Зюзин заехал в Воскресенский монастырь, возвращаясь из Новгорода. Пришел в скит с мешком, кинул мешок у порога, упал перед святейшим на колени, ожидая благословения.
Никон поднял боярина, благословил.
– Тысячу рублей собрали твои новгородцы, святейший, – сказал Зюзин, указывая на мешок.
– Тысячу…
– Тысячу тридцать три рубля девять алтын и четыре деньги.
– Зачем же ты деньги у порога кинул? Чай, жертвенные.
Зюзин поднял мешок, не зная, куда положить.
– Высыпай на стол.
Деньги, стукаясь, как градины, легли кучею.
– Серебро, – сказал Никон с удовольствием.
– Никакой меди… Новгородцы любят тебя, святейший.
– Помню их любовь. До сих пор косточка в груди болит.
– А мне опять неудача, – вздохнул боярин. – Хлопочу, хлопочу завести поташное дело[53], а всем денег дай.
Никон показал на стол:
– Вот тебе деньги. Бери.
– Эти на храм.
– Ничего, я благословляю.
– Да сколько же?
Никон провел рукою посреди кучи.
– Столько не могу взять! – замотал головой Зюзин.
– Бери сколько можешь.
Зюзин повздыхал, подставил к краю стола мешок, отгреб часть денег, не приближаясь к мете патриарха. Подумал, еще отгреб…
– Спасаешь меня, святейший.
– Нектарий, патриарх Иерусалимский, прислал мне письмо. Не выходит по-цареву. Нектарий умоляет вернуть меня в Москву.
– Стало быть, самое время поддакнуть! Уж я расстараюсь! Алексей без поддаканья ничего сам не сделает… Я знаю, кого послать к нему со словом задушевным. – Кинул на пол мешок. – Упаси меня Боже, не за деньги мои старания. Душа по тебе изболелась, святейший.
Никон сел в кресло.
– Когда-то я много хотел. Теперь одно на уме: Иерусалим достроить, мой Иерусалим… Не дострою, останется русское православье на века без куполов. А кресты-то, Никита Алексеевич, над куполами. Вот о чем моя печаль.

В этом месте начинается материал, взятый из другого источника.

text \<open>The constraints on \<open>\<nu>\<close> are \<open>card L + 1\<close> linear equations (one per point of \<open>L\<close> and
  one for \<open>\<delta>\<close>) in more unknowns; the sign of \<open>\<nu>\<close> is then chosen to make the \<open>\<phi>\<close>-term
  nonnegative.\<close>

lemma mixture_null_direction:
  fixes \<Lambda> :: "'a pmf" and q :: "'a \<Rightarrow> 'b pmf" and \<phi> \<delta> :: "'a \<Rightarrow> real"
  assumes fL: "finite L" and fS: "finite (set_pmf \<Lambda>)"
    and qL: "\<And>a. a \<in> set_pmf \<Lambda> \<Longrightarrow> set_pmf (q a) \<subseteq> L" and big: "card L + 1 < card (set_pmf \<Lambda>)"
  shows "\<exists>\<nu>. (\<exists>a\<in>set_pmf \<Lambda>. \<nu> a \<noteq> 0) \<and> (\<forall>a. a \<notin> set_pmf \<Lambda> \<longrightarrow> \<nu> a = 0)
    \<and> (\<Sum>a\<in>set_pmf \<Lambda>. \<nu> a) = 0 \<and> (\<forall>us. (\<Sum>a\<in>set_pmf \<Lambda>. pmf (q a) us * \<nu> a) = 0)
    \<and> (\<Sum>a\<in>set_pmf \<Lambda>. \<delta> a * \<nu> a) = 0 \<and> (\<Sum>a\<in>set_pmf \<Lambda>. \<phi> a * \<nu> a) \<ge> 0"
proof -
  let ?S = "set_pmf \<Lambda>"
  define E where "E = insert None (Some ` L)"
  define c where "c e a = (case e of None \<Rightarrow> \<delta> a | Some us \<Rightarrow> pmf (q a) us)" for e a
  have "card E = card L + 1" unfolding E_def using fL by (simp add: card_image)
  then obtain \<mu> where \<mu>: "\<exists>a\<in>?S. \<mu> a \<noteq> 0" "\<forall>a. a \<notin> ?S \<longrightarrow> \<mu> a = 0"
      "\<forall>e\<in>E. (\<Sum>a\<in>?S. c e a * \<mu> a) = 0"
    using underdetermined_linear_system_nontrivial_solution[of E ?S c] fL fS big
    by (auto simp: E_def)
  define \<nu> where "\<nu> = (if (\<Sum>a\<in>?S. \<phi> a * \<mu> a) \<ge> 0 then \<mu> else (\<lambda>a. - \<mu> a))"
  have \<nu>_q: "(\<Sum>a\<in>?S. pmf (q a) us * \<nu> a) = 0" for us
  proof (cases "us \<in> L")
    case True
    then show ?thesis using \<mu>(3) by (auto simp: \<nu>_def E_def c_def sum_negf)
  next
    case False
    then have "pmf (q a) us = 0" if "a \<in> ?S" for a
      using qL[OF that] by (auto simp: pmf_eq_0_set_pmf)
    then show ?thesis by simp
  qed
  have "(\<Sum>a\<in>?S. \<nu> a) = (\<Sum>a\<in>?S. \<nu> a * (\<Sum>us\<in>L. pmf (q a) us))"
    by (intro sum.cong refl) (simp add: sum_pmf_eq_1[OF fL qL])
  also have "\<dots> = (\<Sum>us\<in>L. \<Sum>a\<in>?S. pmf (q a) us * \<nu> a)"
    by (subst sum.swap) (simp add: sum_distrib_left mult.commute)
  finally have "(\<Sum>a\<in>?S. \<nu> a) = 0" by (simp add: \<nu>_q)
  moreover have "(\<Sum>a\<in>?S. \<delta> a * \<nu> a) = 0" using \<mu>(3) by (auto simp: \<nu>_def E_def c_def sum_negf)
  moreover have "(\<Sum>a\<in>?S. \<phi> a * \<nu> a) \<ge> 0" by (auto simp: \<nu>_def sum_negf)
  moreover have "\<exists>a\<in>?S. \<nu> a \<noteq> 0" "\<forall>a. a \<notin> ?S \<longrightarrow> \<nu> a = 0"
    using \<mu>(1,2) by (auto simp: \<nu>_def)
  ultimately show ?thesis using \<nu>_q by (intro exI[of _ \<nu>]) simp
qed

Зюзин стоял опустив голову, встрепенулся.
– Нет, не унываю! Благослови в Москву поспешать.
– Поспешай, друг мой. – Святейший осенил Зюзина крестным знамением. – Все от Бога. Я тут на пустошь одну поглядывал. Вот бы, думал, где Мамврикийскому дубу расти. Все глядел да глядел, а позавчера взял посох, пошел. И что же? Растет. Крошечный дубок, с двумя листами…
– Чудо!
– Да, может, и не чудо… Но растет! И на том самом месте, где душа моя жаждала видеть огромного великана… Спеши, Никита Алексеевич! Спеши. Может, чего и успеем.
Зюзин подхватил мешок, поклонился, убежал.
Вслед за боярином покинул скит и сам святейший. Собирался пойти в монастырь, не гневить попусту царевых слуг, но пошел в другую сторону, в Гефсиманский сад, говоря:
– «И вышед, пошел, по обыкновению, на гору Елеонскую… И находясь в борении, прилежнее молился; и был пот Его, как капли крови, падающие на землю».
В Иисусовом любимом месте, в Гефсимании, росли плодоносящие маслины. Камень, возле которого Господь молился, был сухим от вечного зноя Палестины.
Здесь тоже сыскался камень, углом выпирал из земли. Камень тускло блестел от влаги, во впадинках его гнездился изумрудный мох.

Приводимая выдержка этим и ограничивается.